剧本被拿走。

    沈辞相当礼貌的坐起来,一点都不乱看。

    魏卿看了眼沈辞歪掉的领口,那儿露出了一些锁骨的曲线,移开视线:“看电影吗?郭奇安的片子,对你演戏应当有帮助。”

    沈辞:“现在?好啊。”

    每个导演都有各自的拍戏风格,沈辞也准备进组前看几部郭奇安的电影。

    没想到魏卿和他想一块儿去了。

    家里就有影音室。

    魏卿叫沈辞前已经调好了片子,一部叫好又叫座的爱情片。

    沈辞看的很投入。

    魏卿并不怎么投入,他的目的并不单纯。

    就像这部电影。

    让沈辞了解导演是真的,但还有他一些私人的需求。

    沈辞不知道魏卿想什么。

    前世他合作过的知名导演不知多少,对电影也很有鉴赏能力,郭齐安这样的可以算导演里的第一梯队,拍的不错。

    看完不至于意犹未尽,但还算满意。

    片尾曲响起。

    由于影音室声效很好,说话声会被掩盖,魏卿靠近了沈辞一些。

    光线变换,映在他按在扶手上的手指上。

    那不是惯常比较松弛的状态。

    他问还看着屏幕的沈辞:“感觉怎么样?”

    沈辞也靠近了他一些,声音刻意大一些:“挺好的。”

    光影在他脸上略过,眼中流光溢彩,皮肤白的像冷玉,因为侧头的缘故脖颈线条充满诱惑力。

    魏卿:“以后还谈恋爱吗?”

    电影就是爱情片,问这个问题一点都不突兀。

    至少沈辞没感觉到什么特别的。

    兄弟之间聊这些很正常。

    而沈辞心中早有答案,轻松又自在的说心里话:“谈啊,以后通通走肾不走心!”

    这话就有点带颜色了。

    说着下巴颌一抬,很风流恣意的模样。

    知道魏卿挺关心他呢,沈辞多说了一句:“只谈情不说爱,怎么高兴怎么来!”

    还问魏卿:“你呢?”

    他眼睫毛很长,微微有点翘,澄澈又亲昵,毫不设防。

    魏卿被看的心头一突,但他永远有四平八稳的面具,稳稳当当的道:“没想过。
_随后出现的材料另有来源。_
lemma amplitudes_match_iff_roots:
  assumes "n \<ge> 1" and "d 0 \<noteq> 0" and y: "y ^ n = d 0 / of_nat n"
  defines "z \<equiv> \<lambda>k. d k / (y ^ (n - k) * complex_of_real (sqrt (real (n choose k))))"
  shows "(\<forall>is\<in>basis_strings n. dicke_sup n d is = mps_amp n y x is) \<longleftrightarrow>
         Ppoly n z \<noteq> 0 \<and> (\<forall>a. count (image_mset x (mset_set {1..n})) a = order a (Ppoly n z))"
proof -
  let ?roots = "image_mset x (mset_set {1..n})"
  have "Ppoly n z \<noteq> 0"
    using lead_coeff_Ppoly[of n z] by auto
  have roots: "(\<Prod>i\<in>{1..n}. [:- x i, 1:]) = (\<Prod>a\<in>#?roots. [:- a, 1:])"
    by (simp add: prod_unfold_prod_mset image_mset.compositionality comp_def)
  have "(\<forall>is\<in>basis_strings n. dicke_sup n d is = mps_amp n y x is) \<longleftrightarrow>
        (\<forall>k\<in>{1..n}. (\<Sum>l=1..n. x l ^ k) = z k)"
    using amplitudes_match_iff_power_sums[of n d, OF assms(1,2)] y by (simp add: z_def)
  also have "\<dots> \<longleftrightarrow> (\<forall>m\<le>n. fps_nth (\<Prod>i\<in>{1..n}. 1 - fps_const (x i) * fps_X) m = partition_sum z n m)"
    by (rule power_sums_eq_iff_partition_sums) simp
  also have "\<dots> \<longleftrightarrow> Ppoly n z = Polynomial.smult (lead_coeff (Ppoly n z)) (\<Prod>a\<in>#?roots. [:- a, 1:])"
    by (simp only: lead_coeff_Ppoly roots[symmetric] Ppoly_eq_smult_prod_iff)
  also have "\<dots> \<longleftrightarrow> Ppoly n z \<noteq> 0 \<and> (\<forall>a. count ?roots a = order a (Ppoly n z))"
    using complex_poly_eq_smult_linear_factors_iff[OF \<open>Ppoly n z \<noteq> 0\<close>] \<open>Ppoly n z \<noteq> 0\<close> by simp
  finally show ?thesis .
qed

theorem lemma3:
  fixes n :: nat and d :: "nat \<Rightarrow> complex"
  assumes "n \<ge> 1" and "d 0 \<noteq> 0"
  shows "(\<forall>(y::complex) (x::nat \<Rightarrow> complex).
            (\<forall>is\<in>basis_strings n. dicke_sup n d is = mps_amp n y x is)
            \<longleftrightarrow> (y ^ n = d 0 / of_nat n \<and>
                 (\<forall>k\<in>{1..n}. (\<Sum>l=1..n. x l ^ k) =
                     d k / (y ^ (n - k) * complex_of_real (sqrt (real (n choose k)))))))
       \<and> (\<forall>y::complex. y ^ n = d 0 / of_nat n \<longrightarrow>
            (\<forall>x::nat \<Rightarrow> complex.
               (\<forall>is\<in>basis_strings n. dicke_sup n d is = mps_amp n y x is)
               \<longleftrightarrow> (let z = (\<lambda>k. d k / (y ^ (n - k) * complex_of_real (sqrt (real (n choose k)))))
                    in Ppoly n z \<noteq> 0 \<and>
                       (\<forall>a. count (image_mset x (mset_set {1..n})) a = order a (Ppoly n z)))))"
  using amplitudes_match_iff_power_sums[of n d, OF assms] amplitudes_match_iff_roots[of n d, OF assms]
  by (simp add: Let_def)
text \<open>The first step travels to the right, past the steps of other kinds, until it meets the
  first step of its own kind.\<close>
lemma shortest_run_gather:
  assumes "shortest_run c ((p, a, v, q) # \<sigma>) d" "v \<noteq> []"
    and "map kind \<sigma> = ks @ Some (twins A D a) # ks'" "Some (twins A D a) \<notin> set ks"
  shows "\<exists>\<sigma>'. run c \<sigma>' d \<and> map kind \<sigma>' = ks @ Some (twins A D a) # Some (twins A D a) # ks'"
  using assms
proof (induction ks arbitrary: c p q \<sigma>)
  case Nil
  then have "run c ((p, a, v, q) # \<sigma>) d"
    "map kind ((p, a, v, q) # \<sigma>) = [] @ Some (twins A D a) # Some (twins A D a) # ks'"
    unfolding shortest_run_def by simp_all
  then show ?case by blast
next
  case (Cons k ks)
  obtain q' b w r \<sigma>1 where \<sigma>: "\<sigma> = (q', b, w, r) # \<sigma>1" "kind (q', b, w, r) = k"
    "map kind \<sigma>1 = ks @ Some (twins A D a) # ks'"
    using Cons.prems(3) by (cases \<sigma>) auto
  have run: "run c ((p, a, v, q) # (q', b, w, r) # \<sigma>1) d"
    using Cons.prems(1) \<sigma>(1) unfolding shortest_run_def by simp
  then have "set ((q', b, w, r) # \<sigma>1) \<subseteq> \<Delta>" using run_transitions[OF run] by simp
  moreover have "kind (q', b, w, r) \<noteq> Some (twins A D a)"
    using Cons.prems(4) \<sigma>(2) by auto
  ultimately have "w = [] \<or> deps b \<noteq> deps a"
    using kind_not_twin[of q' b w r a] by simp
  have "Some (twins A D a) \<in> kind ` set \<sigma>1" using \<sigma>(3) by (metis in_set_conv_decomp set_map)
  then obtain p' e w' q'' where
    "(p', e, w', q'') \<in> set \<sigma>1" "kind (p', e, w', q'') = Some (twins A D a)"
    by (metis imageE prod_cases4)
  then have "deps e = deps a"
    using kind_twin_deps \<open>set ((q', b, w, r) # \<sigma>1) \<subseteq> \<Delta>\<close> by auto
  then obtain q3 c1' where "fires (p, b, w, q3) c c1'" "shortest_run c1' ((q3, a, v, r) # \<sigma>1) d"
    using shortest_run_swap_first Cons.prems(1,2) \<sigma>(1) \<open>w = [] \<or> deps b \<noteq> deps a\<close>
      \<open>(p', e, w', q'') \<in> set \<sigma>1\<close> by blast
  moreover obtain \<sigma>' where "run c1' \<sigma>' d"
    "map kind \<sigma>' = ks @ Some (twins A D a) # Some (twins A D a) # ks'"
    using Cons.IH[OF calculation(2) Cons.prems(2) \<sigma>(3)] Cons.prems(4) by auto
  ultimately have "run c ((p, b, w, q3) # \<sigma>') d"
    "map kind ((p, b, w, q3) # \<sigma>') = (k # ks) @ Some (twins A D a) # Some (twins A D a) # ks'"
    using \<sigma>(2) by (auto intro: run_Cons)
  then show ?case by blast
qed

lemma shortest_run_join_block:
  assumes "shortest_run c ((p, a, v, q) # \<sigma>s) d" "v \<noteq> []" "block_form Ts (map kind \<sigma>s)"
    and "twins A D a \<in> set Ts"
  obtains \<sigma>' where "run c \<sigma>' d" "length \<sigma>' = Suc (length \<sigma>s)" "block_form Ts (map kind \<sigma>')"
proof -
  have "Some (twins A D a) \<in> set (map kind \<sigma>s)"
    using block_form_set[OF assms(3)] assms(4) by blast
  then obtain ks ks' where ks: "map kind \<sigma>s = ks @ Some (twins A D a) # ks'"
    "Some (twins A D a) \<notin> set ks"
    using split_list_first by metis
  then obtain \<sigma>' where \<sigma>': "run c \<sigma>' d"
    "map kind \<sigma>' = ks @ Some (twins A D a) # Some (twins A D a) # ks'"
    using shortest_run_gather[OF assms(1,2)] by blast
  moreover have "length \<sigma>' = Suc (length \<sigma>s)"
    using arg_cong[OF \<sigma>'(2), of length] arg_cong[OF ks(1), of length] by simp
  moreover have "block_form Ts (map kind \<sigma>')"
    using block_form_duplicate assms(3) ks \<sigma>'(2) by simp
  ultimately show thesis using that by blast
qed

lemma shortest_run_Cons_block_form:
  assumes "shortest_run c (f # \<sigma>s) d" "block_form Ts (map kind \<sigma>s)" "distinct Ts"
  shows "\<exists>\<sigma>s' Ts'. run c \<sigma>s' d \<and> length \<sigma>s' = Suc (length \<sigma>s) \<and> block_form Ts' (map kind \<sigma>s')
    \<and> distinct Ts'"
proof -
  have run: "run c (f # \<sigma>s) d" "length (f # \<sigma>s) = Suc (length \<sigma>s)"
    using assms(1) unfolding shortest_run_def by simp_all
  obtain p a v q where f: "f = (p, a, v, q)" by (cases f)
  show ?thesis
  proof (cases "v = []")
    case True
    then have "block_form Ts (map kind (f # \<sigma>s))"
      using block_form_Cons_None[OF assms(2)] f by simp
    with run assms(3) show ?thesis by blast
  next
    case False
    show ?thesis
    proof (cases "twins A D a \<in> set Ts")
      case True
      obtain \<sigma>' where "run c \<sigma>' d" "length \<sigma>' = Suc (length \<sigma>s)" "block_form Ts (map kind \<sigma>')"
        using shortest_run_join_block[OF assms(1)[unfolded f] False assms(2) True] .
      with assms(3) show ?thesis by blast
    next
      case notin: False
      have "block_form (twins A D a # Ts) (map kind (f # \<sigma>s))" "distinct (twins A D a # Ts)"
        using block_form_Cons_Some[OF assms(2)] f False notin assms(3) by simp_all
      with run show ?thesis by blast
    qed
  qed
qed

lemma shortest_run_block_form:
  "shortest_run c \<tau>s d
   \<Longrightarrow> \<exists>\<sigma>s Ts. run c \<sigma>s d \<and> length \<sigma>s = length \<tau>s \<and> block_form Ts (map kind \<sigma>s) \<and> distinct Ts"
proof (induction \<tau>s arbitrary: c)
  case Nil
  then have "run c [] d" "length [] = length ([] :: ('q, 'a) transition list)"
    "block_form [] (map kind [])" "distinct ([] :: 'a set list)"
    unfolding shortest_run_def by simp_all
  then show ?case by blast
next
  case (Cons f \<tau>s)
  from Cons.prems obtain c1 where "fires f c c1" "shortest_run c1 \<tau>s d"
    by (rule shortest_run_ConsE)
  with Cons.IH obtain \<sigma>s Ts where IH: "run c1 \<sigma>s d" "length \<sigma>s = length \<tau>s"
    "block_form Ts (map kind \<sigma>s)" "distinct Ts"
    by blast
  from \<open>fires f c c1\<close> IH(1) have "run c (f # \<sigma>s) d" by (rule run_Cons)
  then have "shortest_run c (f # \<sigma>s) d"
    using shortest_run_same_length[OF Cons.prems] IH(2) by simp
  from shortest_run_Cons_block_form[OF this IH(3,4)] IH(2) show ?case by simp
qed

lemma run_eps_kinds_rtrancl:
  assumes "run c \<tau>s d" "set (map kind \<tau>s) \<subseteq> {None}"
  shows "(c, d) \<in> (step A D (Delta_eps \<Delta>))\<^sup>*"
proof (rule run_imp_rtrancl_step[OF assms(1)])
  show "set \<tau>s \<subseteq> Delta_eps \<Delta>"
  proof
    fix \<tau> assume "\<tau> \<in> set \<tau>s"
    then have "\<tau> \<in> \<Delta>" "kind \<tau> = None"
      using assms(2) run_transitions[OF assms(1)] by auto
    then show "\<tau> \<in> Delta_eps \<Delta>" by (rule kind_None_imp_Delta_eps)
  qed
qed

lemma run_twin_kinds_trancl:
  assumes "run c \<tau>s d" "\<tau>s \<noteq> []" "set (map kind \<tau>s) \<subseteq> {Some T}"
  shows "(c, d) \<in> (step A D (Delta_T \<Delta> T))\<^sup>+"
proof (rule run_imp_trancl_step[OF assms(1,2)])
  show "set \<tau>s \<subseteq> Delta_T \<Delta> T"
  proof
    fix \<tau> assume "\<tau> \<in> set \<tau>s"
    then have "\<tau> \<in> \<Delta>" "kind \<tau> = Some T"
      using assms(3) run_transitions[OF assms(1)] by auto
    then show "\<tau> \<in> Delta_T \<Delta> T" by (rule kind_Some_imp_Delta_T)
  qed
qed

lemma block_form_run_VdashSeq:
  "block_form Ts (map kind \<tau>s) \<Longrightarrow> run c \<tau>s d
   \<Longrightarrow> (c, d) \<in> VdashSeq A D \<Delta> Ts O (step A D (Delta_eps \<Delta>))\<^sup>*"
proof (induction Ts arbitrary: c \<tau>s)
  case Nil
  then show ?case using run_eps_kinds_rtrancl by simp
next
  case (Cons T Ts)
  obtain ks0 ks1 ks2 where ks: "map kind \<tau>s = ks0 @ ks1 @ ks2" "set ks0 \<subseteq> {None}"
    "ks1 \<noteq> []" "set ks1 \<subseteq> {Some T}" "block_form Ts ks2"
    using Cons.prems(1) unfolding block_form.simps(2) by blast
  obtain \<tau>s0 \<tau>s12 where "\<tau>s = \<tau>s0 @ \<tau>s12" "map kind \<tau>s0 = ks0" "map kind \<tau>s12 = ks1 @ ks2"
    using map_eq_append_conv[THEN iffD1, OF ks(1)] by auto
  moreover obtain \<tau>s1 \<tau>s2 where "\<tau>s12 = \<tau>s1 @ \<tau>s2" "map kind \<tau>s1 = ks1" "map kind \<tau>s2 = ks2"
    using map_eq_append_conv[THEN iffD1, OF \<open>map kind \<tau>s12 = ks1 @ ks2\<close>] by auto
  ultimately have \<tau>s: "\<tau>s = \<tau>s0 @ \<tau>s1 @ \<tau>s2" "map kind \<tau>s0 = ks0"
    "map kind \<tau>s1 = ks1" "map kind \<tau>s2 = ks2"
    by simp_all
  from Cons.prems(2) obtain c1 c2 where runs: "run c \<tau>s0 c1" "run c1 \<tau>s1 c2" "run c2 \<tau>s2 d"
    unfolding \<tau>s run_append_iff by blast
  have "(c, c1) \<in> (step A D (Delta_eps \<Delta>))\<^sup>*"
    using run_eps_kinds_rtrancl[OF runs(1)] \<tau>s(2) ks(2) by simp
  moreover have "(c1, c2) \<in> (step A D (Delta_T \<Delta> T))\<^sup>+"
    using run_twin_kinds_trancl[OF runs(2)] \<tau>s(3) ks(3,4) by auto
  ultimately have "(c, c2) \<in> VdashT A D \<Delta> T"
    unfolding VdashT_def by blast
  moreover have "(c2, d) \<in> VdashSeq A D \<Delta> Ts O (step A D (Delta_eps \<Delta>))\<^sup>*"
    using Cons.IH ks(5) \<tau>s(4) runs(3) by blast
  ultimately show ?case by auto
qed

end

theorem proposition5p11:
  fixes A :: "'a set" and D :: "('a \<times> 'a) set"
    and Q :: "'q set" and \<Delta> :: "('q \<times> 'a \<times> 'a list \<times> 'q) set"
    and c d :: "'q \<times> 'a list set"
  assumes "dep_alphabet A D"
    and "trace_pds A D Q \<Delta>"
    and "saturated A D \<Delta>"
    and "c \<in> Q \<times> traces A D" and "d \<in> Q \<times> traces A D"
    and "(c, d) \<in> (step A D \<Delta>)\<^sup>*"
  shows "\<exists>Ts. length Ts \<le> TI A D \<and> set Ts \<subseteq> twin_classes A D
           \<and> (c, d) \<in> VdashSeq A D \<Delta> Ts O (step A D (Delta_eps \<Delta>))\<^sup>*"
proof -
  interpret trace_pushdown A D Q \<Delta>
    using assms(1-3) by unfold_locales
  obtain \<tau>s where "run c \<tau>s d"
    using rtrancl_step_imp_run[OF assms(6)] by blast
  then obtain \<tau>s' where "shortest_run c \<tau>s' d"
    using shortest_run_exists by blast
  then obtain \<sigma>s Ts where normal: "run c \<sigma>s d" "block_form Ts (map kind \<sigma>s)" "distinct Ts"
    using shortest_run_block_form by blast
  have "set Ts \<subseteq> twin_classes A D"
    using block_form_set[OF normal(2)] run_transitions[OF normal(1)] kind_Some_twin_class by auto
  moreover have "finite (twin_classes A D)"
    using assms(1) unfolding dep_alphabet_def twin_classes_def by simp
  ultimately have "length Ts \<le> TI A D"
    unfolding TI_def using distinct_card[OF normal(3)] card_mono by metis
  with \<open>set Ts \<subseteq> twin_classes A D\<close> show ?thesis
    using block_form_run_VdashSeq[OF normal(2,1)] by blast
qed
text \<open>The scheme is linear; we use this to derive the minimum principle from the
  maximum principle.\<close>

lemma scheme3_scale:
  assumes "scheme3 M \<tau> f"
  shows "scheme3 M \<tau> (\<lambda>n i. c * f n i)"
proof -
  have lin: "(c * a - c * b) / t - (d1 * (c * x) - 2 * d2 * (c * y) + d3 * (c * z)) / h2
        = c * ((a - b) / t - (d1 * x - 2 * d2 * y + d3 * z) / h2)"
    for a b x y z d1 d2 d3 h2 t :: real
    by (simp add: algebra_simps diff_divide_distrib add_divide_distrib)
  show ?thesis
    using assms unfolding scheme3_def Let_def lin by (simp add: ring_distribs mult_ac)
qed

section \<open>Discrete maximum principle\<close>

lemma scheme3_flux_form:
  assumes "1 \<le> M" "\<tau> \<noteq> 0" "scheme3 M \<tau> f" "1 \<le> i" "i \<le> M - 1"
  shows "f n i = (1 + 2 * \<tau>) * f (Suc n) i
           + \<tau> * real M ^ 2 * diffD M (i + 1) * (f (Suc n) i - f (Suc n) (i + 1))
           + \<tau> * real M ^ 2 * diffD M (i - 1) * (f (Suc n) i - f (Suc n) (i - 1))"
proof -
  let ?c = "\<tau> * real M ^ 2" and ?g = "f (Suc n)"
  have "?c * (diffD M (i + 1) - 2 * diffD M i + diffD M (i - 1)) = - 2 * \<tau>"
    using diffD_second_difference[OF assms(1,4)] assms(1) by simp
  then have curv: "?g i * (?c * (diffD M (i + 1) - 2 * diffD M i + diffD M (i - 1)))
                     = ?g i * (- 2 * \<tau>)"
    by simp
  show ?thesis
    using scheme3_interior[OF assms(2-5), of n] curv by (simp add: algebra_simps)
qed

text \<open>At an interior maximiser of the new values both fluxes are nonnegative, so the
  maximum is damped by the factor 1 + 2 tau relative to the old value there.\<close>

lemma scheme3_max_principle:
  assumes "1 \<le> M" "\<tau> > 0" "scheme3 M \<tau> f"
    and k: "k \<in> {1..M - 1}" and max: "\<forall>j \<in> {1..M - 1}. f (Suc n) j \<le> f (Suc n) k"
  shows "(1 + 2 * \<tau>) * f (Suc n) k \<le> f n k"
proof -
  let ?c = "\<tau> * real M ^ 2" and ?g = "f (Suc n)"
  have flux: "0 \<le> ?c * diffD M j * (?g k - ?g j)" if "j \<le> M" for j
  proof (cases "j \<in> {1..M - 1}")
    case True
    then show ?thesis
      using max \<open>\<tau> > 0\<close> diffD_nonneg[OF that] by simp
  next
    case False
    then have "j = 0 \<or> j = M" using that by auto
    then show ?thesis using diffD_0 diffD_M[OF assms(1)] by auto
  qed
  have "k + 1 \<le> M" "k - 1 \<le> M" using k by auto
  then show ?thesis
    using scheme3_flux_form[OF assms(1) _ assms(3), of k n] flux[of "k + 1"] flux[of "k - 1"]
      k \<open>\<tau> > 0\<close> by auto
qed

text \<open>Applied to the negated solution, the maximum principle becomes a minimum principle.\<close>

lemma scheme3_min_principle:
  assumes "1 \<le> M" "\<tau> > 0" "scheme3 M \<tau> f"
    and "k \<in> {1..M - 1}" and "\<forall>j \<in> {1..M - 1}. f (Suc n) k \<le> f (Suc n) j"
  shows "f n k \<le> (1 + 2 * \<tau>) * f (Suc n) k"
  using scheme3_max_principle[OF assms(1,2) scheme3_scale[OF assms(3), of "-1"] assms(4)]
    assms(5) by simp

lemma finite_attains_max:
  fixes g :: "'a \<Rightarrow> 'b::linorder"
  assumes "finite A" "A \<noteq> {}"
  obtains k where "k \<in> A" "\<forall>j \<in> A. g j \<le> g k"
proof -
  have "Max (g ` A) \<in> g ` A" using assms by simp
  then obtain k where "k \<in> A" "g k = Max (g ` A)" by (metis imageE)
  then show ?thesis using that assms by simp
qed

text \<open>Minimum principle by induction: the interior minimum of the new values is at least
  the (nonnegative) old value at the minimiser divided by 1 + 2 tau.\<close>

lemma scheme3_interior_nonneg:
  assumes "2 \<le> M" "\<tau> > 0" "scheme3 M \<tau> f" "\<forall>i \<in> {1..M - 1}. 0 \<le> f 0 i"
  shows "\<forall>i \<in> {1..M - 1}. 0 \<le> f n i"
proof (induction n)
  case 0
  then show ?case using assms(4) .
next
  case (Suc n)
  obtain k where k: "k \<in> {1..M - 1}" and min: "\<forall>j \<in> {1..M - 1}. f (Suc n) k \<le> f (Suc n) j"
  proof (rule finite_attains_max[of "{1..M - 1}" "\<lambda>j. - f (Suc n) j"])
    show "{1..M - 1} \<noteq> {}" using assms(1) by simp
  qed auto
  have "0 \<le> (1 + 2 * \<tau>) * f (Suc n) k"
    using scheme3_min_principle[OF _ assms(2,3) k min] Suc k assms(1) by force
  then have "0 \<le> f (Suc n) k" using assms(2) by (simp add: zero_le_mult_iff)
  then show ?case using min by force
qed

lemma scheme3_interior_decay:
  assumes "2 \<le> M" "\<tau> > 0" "scheme3 M \<tau> f" "\<forall>i \<in> {1..M - 1}. f 0 i \<le> B"
  shows "\<forall>i \<in> {1..M - 1}. f n i \<le> B / (1 + 2 * \<tau>) ^ n"
proof (induction n)
  case 0
  then show ?case using assms(4) by simp
next
  case (Suc n)
  obtain k where k: "k \<in> {1..M - 1}" and max: "\<forall>j \<in> {1..M - 1}. f (Suc n) j \<le> f (Suc n) k"
  proof (rule finite_attains_max[of "{1..M - 1}" "f (Suc n)"])
    show "{1..M - 1} \<noteq> {}" using assms(1) by simp
  qed auto
  have "(1 + 2 * \<tau>) * f (Suc n) k \<le> B / (1 + 2 * \<tau>) ^ n"
    using scheme3_max_principle[OF _ assms(2,3) k max] Suc k assms(1) by force
  then have "f (Suc n) k \<le> B / (1 + 2 * \<tau>) ^ n / (1 + 2 * \<tau>)"
    using assms(2) by (subst pos_le_divide_eq) (simp_all add: mult.commute)
  also have "\<dots> = B / (1 + 2 * \<tau>) ^ Suc n"
    by (simp add: divide_divide_eq_left mult.commute)
  finally have "f (Suc n) k \<le> B / (1 + 2 * \<tau>) ^ Suc n" .
  then show ?case using max by force
qed

lemma scheme3_interior_tendsto_zero:
  assumes "2 \<le> M" "\<tau> > 0" "scheme3 M \<tau> f" "\<forall>i \<in> {1..M - 1}. 0 \<le> f 0 i"
    and i: "i \<in> {1..M - 1}"
  shows "(\<lambda>n. f n i) \<longlonglongrightarrow> 0"
proof -
  define B where "B = Max (f 0 ` {1..M - 1})"
  have "\<forall>j \<in> {1..M - 1}. f 0 j \<le> B" by (simp add: B_def)
  then have upper: "f n i \<le> B / (1 + 2 * \<tau>) ^ n" for n
    using scheme3_interior_decay[OF assms(1-3)] i by blast
  have lower: "0 \<le> f n i" for n
    using scheme3_interior_nonneg[OF assms(1-4)] i by blast
  show ?thesis
  proof (rule tendsto_sandwich)
    show "\<forall>\<^sub>F n in sequentially. 0 \<le> f n i" using lower by simp
    show "\<forall>\<^sub>F n in sequentially. f n i \<le> B / (1 + 2 * \<tau>) ^ n" using upper by simp
    show "(\<lambda>n. 0) \<longlonglongrightarrow> (0::real)" by simp
    show "(\<lambda>n. B / (1 + 2 * \<tau>) ^ n) \<longlonglongrightarrow> 0"
      using assms(2) by (intro LIMSEQ_divide_realpow_zero) simp
  qed
qed

text \<open>The boundary nodes only absorb the nonnegative fluxes leaving the interior.\<close>

lemma scheme3_boundary_nonneg:
  assumes "2 \<le> M" "\<tau> > 0" "scheme3 M \<tau> f" "\<forall>i \<le> M. 0 \<le> f 0 i"
  shows "0 \<le> f n 0" and "0 \<le> f n M"
proof -
  have "\<forall>i \<in> {1..M - 1}. 0 \<le> f 0 i" using assms(4) by auto
  then have interior: "0 \<le> f n i" if "i \<in> {1..M - 1}" for n i
    using scheme3_interior_nonneg[OF assms(1-3)] that by blast
  have flux: "0 \<le> 2 * (\<tau> * real M ^ 2) * (diffD M j * f (Suc n) j)" if "j \<in> {1..M - 1}" for n j
    using interior[OF that] diffD_nonneg[of j M] that assms(2) by (intro mult_nonneg_nonneg) auto
  show "0 \<le> f n 0"
    by (induction n) (use assms(1,4) flux[of 1] scheme3_boundary(1)[OF assms(3)] in auto)
  show "0 \<le> f n M"
    by (induction n) (use assms(1,4) flux[of "M - 1"] scheme3_boundary(2)[OF assms(3)] in auto)
qed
”

    沈辞只当他是不好意思,凑近了审视,直白的评价:“敷衍!”

    太近了。

    魏卿呼吸几乎骤停。

    沈辞浑然不觉,只是玩笑的盯了一下,又退开了。

    说不清是遗憾还是紧张。

    魏卿跟在沈辞后面出了影音室,脑海里还盘旋着沈辞的两句回答。

    没太听懂。

    虽然他失忆后努力的接轨世界,但偏好使然,关注的也大多是国家新闻和经济、社会类的东西,恢复记忆后就更不用说。

    但就算没完全听懂,也感觉到不对。

    这个深夜,

    身价保守估计两千五百亿的邵氏掌控者,在浏览器搜索栏输入一行字:“走肾是什么意思?”

    词条瞬间解析。

    一秒不到,搜索者陷入呆滞。

    继续搜索:“只谈情不说爱什么意思?”

    发达的网络让邵元卿或者说是魏卿,充分了解了沈辞那两句话的意思。

    粗暴、轻佻、放纵,还有自我放逐

    沈辞在放纵自己。

    原来他竟然伤的这么深。

    魏卿丢开手机,他以为沈辞已经放下了,毕竟看上去一切正常。

    这就是蒋天晟自傲的底气吗?

    怒意充斥胸腔。

    魏卿不算绅士的人,习惯运用资源和人心达到目的,商场上无往不利所向睥睨,人人畏他又敬他。

    看不顺眼的,轻轻拂去。

    但这一刻,好像唯有暴戾才能宣泄和保护一些东西。

    魏卿想做些什么。

    只需要一两个电话,这段时间蒋氏尤其是蒋天晟的工作就会受到空前的阻力。

    但他最终忍住了。

    如果蒋氏在生日宴不久就遭遇打压,一定以为是沈氏从中作梗,两家更会搅合不轻,更甚者蒋天晟会无底线的求和。

    再等一等。

    有些人并没有分辨好坏的能力,得到珍宝只以为自己了不得,却不知只是运气好。

    终有一天他会明白,那是他运气最好的时候。

    那时候,惩罚才刚刚开始。

    魏卿筹谋良多,但心头一口气却始终下不去。

    他下床。

    到门口又返回,去洗手间照了照镜子。

    以前不觉得样貌多重要,现在倒庆幸能胜过蒋天晟,还有许多人。

    魏卿知道,沈辞是个君子。

    那样欣赏他的外表,每次都自以为偷偷摸摸的看,却什么都没做过。

    但他不是君子。

    沈辞房间的灯还亮着,房门关了。

    魏卿敲门。

    沈辞换了睡衣,正准备睡觉,打开门后仰头看魏卿:“怎么了?”

    魏卿眉心微攒:“头疼。”

    沈辞:“我穿衣服,送你去医院。”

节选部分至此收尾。